Anthony Collyer was sitting in the library at Bechcombe House. A letter from his father lay open on the table. To him entered Cecily Hoyle, looking as attractive as ever in her short black frock, low enough at the neck to show her pretty rounded throat, short enough in the arms to allow a glimpse of the dainty dimpled elbows, and in the skirt to reveal black silk stockings nearly to the knees, and
suede
-clad feet.

“Tony, you have heard?”

Tony got up, pushing his letter from him. “I have heard that you are not Thompson's daughter after all—”

“No. I was mother's child by her first husband, Dr. James Hoyle. So I am Cecily Hoyle after all. Because Mr. Thompson adopted me and then took my father's name, but he isn't related to me at all, really—not a scrap!” explained Cecily lucidly.

“So I have been told,” Tony assented.

As Cecily drew farther into the room he drew a little back, and rested his elbow on the mantelpiece.
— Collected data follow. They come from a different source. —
(* Let $k$ be a field and $p>7$ an odd prime. Let $R^2_p$ be the $k$-algebra generated by $y_0,\dots,y_{p-1}$ (indices taken modulo $p$) with relations $y_i^2=0$ for $0\le i<p$, and $\sum_{i=0}^{p-1}y_iy_{i+k}=0$ for $1\le k\le p-1$. Then $R^2_p$ is infinite-dimensional. *)

theory Defs
  imports "HOL-Computational_Algebra.Primes"
begin

text \<open>Free (noncommutative) associative k-algebra on generators y_0,...,y_{p-1}:
  finitely supported functions from words (lists of generator indices < p) to k.\<close>

type_synonym 'k ncpoly = "nat list \<Rightarrow> 'k"

definition ncpoly_set :: "nat \<Rightarrow> ('k::field) ncpoly set" where
  "ncpoly_set p = {f. finite {w. f w \<noteq> 0} \<and> (\<forall>w. f w \<noteq> 0 \<longrightarrow> set w \<subseteq> {..<p})}"

definition nc_add :: "('k::field) ncpoly \<Rightarrow> 'k ncpoly \<Rightarrow> 'k ncpoly" where
  "nc_add f g = (\<lambda>w. f w + g w)"

definition nc_smult :: "'k::field \<Rightarrow> 'k ncpoly \<Rightarrow> 'k ncpoly" where
  "nc_smult c f = (\<lambda>w. c * f w)"

definition nc_zero :: "('k::field) ncpoly" where
  "nc_zero = (\<lambda>w. 0)"

definition nc_mult :: "('k::field) ncpoly \<Rightarrow> 'k ncpoly \<Rightarrow> 'k ncpoly" where
  "nc_mult f g = (\<lambda>w. \<Sum>i\<in>{0..length w}. f (take i w) * g (drop i w))"

definition nc_var :: "nat \<Rightarrow> ('k::field) ncpoly" where
  "nc_var i = (\<lambda>w. if w = [i] then 1 else 0)"

inductive_set nc_ideal :: "nat \<Rightarrow> ('k::field) ncpoly set \<Rightarrow> 'k ncpoly set"
  for p :: nat and rels :: "'k ncpoly set" where
  gen: "r \<in> rels \<Longrightarrow> r \<in> nc_ideal p rels"
| zero: "nc_zero \<in> nc_ideal p rels"
| add: "f \<in> nc_ideal p rels \<Longrightarrow> g \<in> nc_ideal p rels \<Longrightarrow> nc_add f g \<in> nc_ideal p rels"
| smult: "f \<in> nc_ideal p rels \<Longrightarrow> nc_smult c f \<in> nc_ideal p rels"
| lmult: "f \<in> nc_ideal p rels \<Longrightarrow> a \<in> ncpoly_set p \<Longrightarrow> nc_mult a f \<in> nc_ideal p rels"
| rmult: "f \<in> nc_ideal p rels \<Longrightarrow> a \<in> ncpoly_set p \<Longrightarrow> nc_mult f a \<in> nc_ideal p rels"

definition quotient_fin_dim :: "nat \<Rightarrow> ('k::field) ncpoly set \<Rightarrow> bool" where
  "quotient_fin_dim p rels \<longleftrightarrow>
     (\<exists>S. finite S \<and> S \<subseteq> ncpoly_set p \<and>
        (\<forall>f\<in>ncpoly_set p. \<exists>c :: 'k ncpoly \<Rightarrow> 'k.
            (\<lambda>w. f w - (\<Sum>s\<in>S. c s * s w)) \<in> nc_ideal p rels))"

definition R2_rels :: "nat \<Rightarrow> ('k::field) ncpoly set" where
  "R2_rels p =
     {nc_mult (nc_var i) (nc_var i) | i. i < p} \<union>
     {(\<lambda>w. \<Sum>i<p. nc_mult (nc_var i) (nc_var ((i + j) mod p)) w) | j. 1 \<le> j \<and> j \<le> p - 1}"

end

theory Submission
  imports Defs "HOL-Library.Function_Algebras" HOL.Vector_Spaces
begin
“I—I thought you would be pleased, Tony,” the girl murmured, just glancing at him with sweet, dewy eyes. “Because, you see, it makes all the difference.”

“Difference—to what?” Anthony inquired in a stiff, uninterested tone.
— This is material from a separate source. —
(* Let $(G,\tau)$ be a (Hausdorff) topological abelian group which contains a non-trivial converging sequence. Then $\operatorname{asdim}(G,\mathcal{S}_\tau)=\infty$.
   Context: $\mathcal{S}_\tau$ is the smallest group ideal on $G$ containing every set $\{x\}\cup\{x_n:n\in\omega\}$ where $(x_n)$ converges to $x$ in $(G,\tau)$. A group ideal on $G$ is a family of subsets containing all finite subsets and closed under subsets and under $(A,B)\mapsto A-B$; it defines the coarse structure on $G$ with base $\{\{(x,y):x\in A+y\}:A\in\mathcal{I}\}$, and $(G,\mathcal{I})$ denotes $G$ with this coarse structure. A converging sequence is non-trivial if it is not eventually constant. For an entourage $E$, $E[x]=\{y:(x,y)\in E\}$, $E[A]=\bigcup_{a\in A}E[a]$. $\operatorname{asdim}(X,\mathcal{E})\ge n$ means: for each $E\in\mathcal{E}$ there exist $F\in\mathcal{E}$ and a covering $\mathcal{M}$ of $X$ with each member contained in some $F[x]$, partitioned as $\mathcal{M}_0\cup\dots\cup\mathcal{M}_n$ with each $\mathcal{M}_i$ $E$-disjoint ($E[A]\cap E[B]=\emptyset$ for distinct $A,B$); $\operatorname{asdim}=\infty$ if this holds for every $n$. *)

theory Defs
  imports "HOL-Analysis.Analysis" "HOL-Library.Extended_Nat"
begin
“Why—why, to us,” Cecily whispered with trembling lips. “I—I said I couldn't be engaged to you any longer, Tony. But—but if you ask me again, I have changed my mind.”

“So have I changed my mind,” Tony returned gloomily. “You said you would not let me marry a thief's daughter—well, you see, I have some pride too. I will not let you marry a murderer's cousin!”

“Cousin! Pouf!” Cecily snapped her fingers. “Who cares what people's cousins do?”

“Well, you would, if they did brutal murders and got themselves hanged,” Tony retorted, taking his elbow from the mantelpiece, and edging a little farther from Cecily, who was betraying an unmaidenly desire to follow him up.

“I shouldn't really—not a half-cousin,” the girl contradicted. “And he was mad, Tony. His father had been in an asylum more than once, only your aunt didn't know when she married him.”

“Half-aunt,” corrected Tony, “I'd like you to remember that half, Cecily.”

“Well, I will!” the girl promised. “And, Tony, I want to tell you that I hadn't the least idea that Thompson was the man that I thought was my father while I was at Mr. Bechcombe's. It seems he put me there thinking to get some information he wanted through me, and which I am thankful to say he didn't. I never recognized him, he looked so different. Then after the murder when he told me, though he said he wasn't guilty—I couldn't help doubting.”

“You might have trusted me,” Tony said reproachful.

Cecily burst into tears. “You might trust me now.”

Tony's heart was melted at once. He drew the sobbing girl into his arms. “I would trust you with my life, sweetheart—but I—”

“Ah, you shall not say but!” the girl cried, clinging to him. “You do love me, don't you, Tony?” lifting her face to his.

“You know I do!” said Anthony, his sombre eyes brightening as he looked down at her.

“Then that is all that matters,” said Cecily decidedly, “isn't it, Anthony?”